Reputation: 63
I've used the following R script:
url="http://stats.espncricinfo.com/ci/engine/player/253802.html?class=3;orderby=default;template=results;type=batting"
check=readHTMLTable(url,header = T)
check$"Career summary"
check<-check$"Career summary"
I'm only able to scrape first 11 observations.
Can anyone suggest why i'm unable to scrape entire table?
Upvotes: 0
Views: 603
Reputation: 13680
AS @Wietze314 said there are more than one table on that page. You can get a list of all the table I suppose you are interested in with:
url="http://stats.espncricinfo.com/ci/engine/player/253802.html?class=3;
orderby=default;template=results;type=batting"
check=htmlParse(url)
tableNodes <- getNodeSet(check, '//tbody')

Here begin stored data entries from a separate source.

lemma blk_span_blk: "A \<in> span_blk n S T \<Longrightarrow> blk S T A = A"
  by (simp add: span_blk_def)

lemma span_blk_disjoint_entry:
  assumes "A \<in> span_blk n S T" "B \<in> span_blk n U V" "(S \<times> T \<union> T \<times> S) \<inter> (U \<times> V \<union> V \<times> U) = {}"
  shows "A i j = 0 \<or> B i j = 0"
  using span_blk_nonzero[OF assms(1)] span_blk_nonzero[OF assms(2)] assms(3) by blast

lemma blk_span_blk_disjoint:
  assumes "A \<in> span_blk n U V" "(S \<times> T \<union> T \<times> S) \<inter> (U \<times> V \<union> V \<times> U) = {}"
  shows "blk S T A = zero_mat"
  using span_blk_nonzero[OF assms(1)] assms(2) by (fastforce simp: blk_def zero_mat_def)

text \<open>The alternative \<open>S = T\<close> covers the subalgebra \<open>span_blk n T T\<close> acting on \<open>span_blk n T U\<close>.\<close>

lemma brk_span_blk:
  assumes "A \<in> span_blk n S T" "B \<in> span_blk n T U"
    and "S \<inter> U = {}" "T \<inter> U = {}" "S = T \<or> S \<inter> T = {}"
  shows "brk n A B \<in> span_blk n S U"
proof (rule span_blkI)
  show "brk n A B \<in> so n" using assms(1,2) by (simp add: brk_so span_blk_so)
  fix i j assume "brk n A B i j \<noteq> 0"
  then obtain k where "(A i k \<noteq> 0 \<and> B k j \<noteq> 0) \<or> (B i k \<noteq> 0 \<and> A k j \<noteq> 0)"
    using brk_nonzero_entry by blast
  then show "(i \<in> S \<and> j \<in> U) \<or> (i \<in> U \<and> j \<in> S)"
    using span_blk_nonzero[OF assms(1)] span_blk_nonzero[OF assms(2)] assms(3-5) by blast
qed

lemma brk_span_blk_orthogonal:
  assumes "A \<in> span_blk n S T" "B \<in> span_blk n U V" "(S \<union> T) \<inter> (U \<union> V) = {}"
  shows "brk n A B = zero_mat"
proof -
  have "brk n A B i j = 0" for i j
  proof (rule ccontr)
    assume "brk n A B i j \<noteq> 0"
    then obtain k where "(A i k \<noteq> 0 \<and> B k j \<noteq> 0) \<or> (B i k \<noteq> 0 \<and> A k j \<noteq> 0)"
      using brk_nonzero_entry by blast
    then show False
      using span_blk_nonzero[OF assms(1)] span_blk_nonzero[OF assms(2)] assms(3) by blast
  qed
  then show ?thesis by (simp add: zero_mat_def fun_eq_iff)
qed

lemma span_blk_subset_m_sp:
  assumes "2 < 1 + n2 + n3" "S \<inter> I3 n2 n3 = {} \<or> T \<inter> I3 n2 n3 = {}"
  shows "span_blk (1+n2+n3) S T \<subseteq> m_sp n2 n3"
proof
  fix A assume A: "A \<in> span_blk (1+n2+n3) S T"
  have "A i j = 0" if "i \<in> I3 n2 n3" "j \<in> I3 n2 n3" for i j
    using span_blk_nonzero[OF A, of i j] assms(2) that by blast
  with A show "A \<in> m_sp n2 n3" by (simp add: m_sp_iff[OF assms(1)] span_blk_so)
qed

lemma positive_combination_eq_zero_iff:
  fixes a b c d :: real
  shows "(\<forall>x y z w. 0 < x \<longrightarrow> 0 < y \<longrightarrow> 0 < z \<longrightarrow> 0 < w \<longrightarrow> x * a + y * b + z * c + w * d = 0)
    \<longleftrightarrow> a = 0 \<and> b = 0 \<and> c = 0 \<and> d = 0"
proof
  assume H: "\<forall>x y z w. 0 < x \<longrightarrow> 0 < y \<longrightarrow> 0 < z \<longrightarrow> 0 < w \<longrightarrow> x * a + y * b + z * c + w * d = 0"
  have "a + b + c + d = 0" "2 * a + b + c + d = 0" "a + 2 * b + c + d = 0"
    "a + b + 2 * c + d = 0" "a + b + c + 2 * d = 0"
    using H[rule_format, of 1 1 1 1] H[rule_format, of 2 1 1 1] H[rule_format, of 1 2 1 1]
      H[rule_format, of 1 1 2 1] H[rule_format, of 1 1 1 2] by simp_all
  then show "a = 0 \<and> b = 0 \<and> c = 0 \<and> d = 0" by linarith
qed simp

lemma index_blocks_disjoint:
  "I1 \<inter> I2 n2 = {}" "I1 \<inter> I3 n2 n3 = {}" "I2 n2 \<inter> I3 n2 n3 = {}"
  "I2 n2 \<inter> I1 = {}" "I3 n2 n3 \<inter> I1 = {}" "I3 n2 n3 \<inter> I2 n2 = {}"
  by (auto simp: I1_def I2_def I3_def)

lemma summand_spaces_subset_m_sp:
  assumes "2 < 1 + n2 + n3"
  shows "so_n2 n2 n3 \<subseteq> m_sp n2 n3" "m12 n2 n3 \<subseteq> m_sp n2 n3"
    "m13 n2 n3 \<subseteq> m_sp n2 n3" "m23 n2 n3 \<subseteq> m_sp n2 n3"
  using span_blk_subset_m_sp[OF assms] index_blocks_disjoint
  by (simp_all add: so_n2_def m12_def m13_def m23_def)

context
  fixes n2 n3 :: nat and X2 X12 X13 X23 :: mat
  assumes n3: "2 \<le> n3"
    and X2: "X2 \<in> so_n2 n2 n3" and X12: "X12 \<in> m12 n2 n3"
    and X13: "X13 \<in> m13 n2 n3" and X23: "X23 \<in> m23 n2 n3"
begin

lemma summand_brackets:
  "brk (1+n2+n3) X2 X12 \<in> m12 n2 n3" "brk (1+n2+n3) X2 X23 \<in> m23 n2 n3"
  "brk (1+n2+n3) X12 X13 \<in> m23 n2 n3" "brk (1+n2+n3) X12 X23 \<in> m13 n2 n3"
  "brk (1+n2+n3) X13 X23 \<in> m12 n2 n3" "brk (1+n2+n3) X2 X13 = zero_mat"
proof -
  have X12': "X12 \<in> span_blk (1+n2+n3) (I2 n2) I1"
    using X12 by (simp add: m12_def span_blk_commute)
  have X23': "X23 \<in> span_blk (1+n2+n3) (I3 n2 n3) (I2 n2)"
    using X23 by (simp add: m23_def span_blk_commute)
  show "brk (1+n2+n3) X2 X12 \<in> m12 n2 n3"
    using brk_span_blk[OF X2[unfolded so_n2_def] X12']
    by (simp add: index_blocks_disjoint m12_def span_blk_commute[of _ "I2 n2" I1])
  show "brk (1+n2+n3) X2 X23 \<in> m23 n2 n3"
    using brk_span_blk[OF X2[unfolded so_n2_def] X23[unfolded m23_def]]
    by (simp add: index_blocks_disjoint m23_def)
  show "brk (1+n2+n3) X12 X13 \<in> m23 n2 n3"
    using brk_span_blk[OF X12' X13[unfolded m13_def]] by (simp add: index_blocks_disjoint m23_def)
  show "brk (1+n2+n3) X12 X23 \<in> m13 n2 n3"
    using brk_span_blk[OF X12[unfolded m12_def] X23[unfolded m23_def]]
    by (simp add: index_blocks_disjoint m13_def)
  show "brk (1+n2+n3) X13 X23 \<in> m12 n2 n3"
    using brk_span_blk[OF X13[unfolded m13_def] X23'] by (simp add: index_blocks_disjoint m12_def)
  show "brk (1+n2+n3) X2 X13 = zero_mat"
    using brk_span_blk_orthogonal[OF X2[unfolded so_n2_def] X13[unfolded m13_def]]
    by (simp add: index_blocks_disjoint Int_Un_distrib Int_Un_distrib2)
qed

lemma summands_in_m_sp:
  "X2 \<in> m_sp n2 n3" "X12 \<in> m_sp n2 n3" "X13 \<in> m_sp n2 n3" "X23 \<in> m_sp n2 n3"
  using summand_spaces_subset_m_sp[of n2 n3] X2 X12 X13 X23 n3 by auto

lemma summand_brackets_in_m_sp:
  "brk (1+n2+n3) X2 X12 \<in> m_sp n2 n3" "brk (1+n2+n3) X2 X23 \<in> m_sp n2 n3"
  "brk (1+n2+n3) X12 X13 \<in> m_sp n2 n3" "brk (1+n2+n3) X12 X23 \<in> m_sp n2 n3"
  "brk (1+n2+n3) X13 X23 \<in> m_sp n2 n3"
  using summand_spaces_subset_m_sp[of n2 n3] summand_brackets n3 by auto

lemma Lam_sum_summands:
  "Lam n2 n3 l2 l12 l13 l23 (madd (madd X2 X12) (madd X13 X23)) =
     madd (madd (mscale l2 X2) (mscale l12 X12)) (madd (mscale l13 X13) (mscale l23 X23))"
proof -
  have X2': "X2 \<in> span_blk (1+n2+n3) (I2 n2) (I2 n2)"
    and X12': "X12 \<in> span_blk (1+n2+n3) I1 (I2 n2)"
    and X13': "X13 \<in> span_blk (1+n2+n3) I1 (I3 n2 n3)"
    and X23': "X23 \<in> span_blk (1+n2+n3) (I2 n2) (I3 n2 n3)"
    using X2 X12 X13 X23 by (simp_all add: so_n2_def m12_def m13_def m23_def)
  note zero = blk_span_blk_disjoint[OF X2'] blk_span_blk_disjoint[OF X12']
    blk_span_blk_disjoint[OF X13'] blk_span_blk_disjoint[OF X23']
  show ?thesis
    unfolding Lam_def blk_madd
    by (simp add: blk_span_blk[OF X2'] blk_span_blk[OF X12'] blk_span_blk[OF X13']
        blk_span_blk[OF X23'] zero madd_zero_mat Int_Un_distrib Int_Un_distrib2 Times_Int_Times index_blocks_disjoint)
qed

lemma brk_with_summands:
  assumes "X = madd (madd X2 X12) (madd X13 X23)"
  shows "brk (1+n2+n3) X X2 i j = - brk (1+n2+n3) X2 X12 i j - brk (1+n2+n3) X2 X23 i j"
    and "brk (1+n2+n3) X X12 i j =
      brk (1+n2+n3) X2 X12 i j - brk (1+n2+n3) X12 X13 i j - brk (1+n2+n3) X12 X23 i j"
    and "brk (1+n2+n3) X X13 i j = brk (1+n2+n3) X12 X13 i j - brk (1+n2+n3) X13 X23 i j"
    and "brk (1+n2+n3) X X23 i j =
      brk (1+n2+n3) X2 X23 i j + brk (1+n2+n3) X12 X23 i j + brk (1+n2+n3) X13 X23 i j"
  using summand_brackets(6) brk_anticomm[of "1+n2+n3" X12 X2] brk_anticomm[of "1+n2+n3" X13 X2]
    brk_anticomm[of "1+n2+n3" X23 X2] brk_anticomm[of "1+n2+n3" X13 X12]
    brk_anticomm[of "1+n2+n3" X23 X12] brk_anticomm[of "1+n2+n3" X23 X13]
  by (simp_all add: assms brk_madd_left brk_self zero_mat_def)

lemma equigeodesic_iff_brk_with_summands:
  assumes X: "X = madd (madd X2 X12) (madd X13 X23)" and "X \<noteq> zero_mat"
  shows "equigeodesic n2 n3 (metric_family n2 n3) X \<longleftrightarrow>
    (\<forall>i j. brk (1+n2+n3) X X2 i j = 0 \<and> brk (1+n2+n3) X X12 i j = 0 \<and>
           brk (1+n2+n3) X X13 i j = 0 \<and> brk (1+n2+n3) X X23 i j = 0)"
proof -
  let ?N = "1+n2+n3"
  have N: "2 < ?N" using n3 by simp
  have X_m: "X \<in> m_sp n2 n3"
    using summands_in_m_sp by (simp add: X m_sp_madd[OF N])
  have brk_Lam: "brk ?N X (Lam n2 n3 l2 l12 l13 l23 X) i j =
      l2 * brk ?N X X2 i j + l12 * brk ?N X X12 i j + l13 * brk ?N X X13 i j
        + l23 * brk ?N X X23 i j"
    for l2 l12 l13 l23 i j
    by (simp add: X Lam_sum_summands brk_madd_right brk_mscale_right)
  have "brk ?N X (Lam n2 n3 l2 l12 l13 l23 X) \<in> m_sp n2 n3" for l2 l12 l13 l23
  proof -
    have "Lam n2 n3 l2 l12 l13 l23 X \<in> so ?N"
      using summands_in_m_sp by (simp add: X Lam_sum_summands madd_so mscale_so m_sp_iff[OF N])
    with X_m have "brk ?N X (Lam n2 n3 l2 l12 l13 l23 X) \<in> so ?N"
      by (simp add: brk_so m_sp_iff[OF N])
    then show ?thesis
      using summand_brackets_in_m_sp brk_Lam brk_with_summands[OF X] by (simp add: m_sp_iff[OF N])
  qed
  then have "mbr n2 n3 X (Lam n2 n3 l2 l12 l13 l23 X) = zero_mat \<longleftrightarrow>
      (\<forall>i j. l2 * brk ?N X X2 i j + l12 * brk ?N X X12 i j + l13 * brk ?N X X13 i j
        + l23 * brk ?N X X23 i j = 0)" for l2 l12 l13 l23
    using mbr_eq_brk[OF N] brk_Lam by (simp add: fun_eq_iff zero_mat_def)
  then have "(\<forall>L\<in>metric_family n2 n3. mbr n2 n3 X (L X) = zero_mat) \<longleftrightarrow>
      (\<forall>i j. \<forall>l2 l12 l13 l23. 0 < l2 \<longrightarrow> 0 < l12 \<longrightarrow> 0 < l13 \<longrightarrow> 0 < l23 \<longrightarrow>
        l2 * brk ?N X X2 i j + l12 * brk ?N X X12 i j + l13 * brk ?N X X13 i j
          + l23 * brk ?N X X23 i j = 0)"
    unfolding metric_family_def by blast
  then show ?thesis
    unfolding equigeodesic_def positive_combination_eq_zero_iff using X_m assms(2) by blast
qed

tbList <- lapply(tableNodes, readHTMLTable)
tbList
contains 22 data.frames for you to work with
Upvotes: 0
Reputation: 6020
To get the content of all tables on the page:
library(XML)
url="http://stats.espncricinfo.com/ci/engine/player/253802.html?class=3;orderby=default;template=results;type=batting"
content <- htmlParse(url)
tbody <- xpathSApply(content, "//tbody")
lapply(tbody, function(x) readHTMLTable(x, header=T))
Upvotes: 1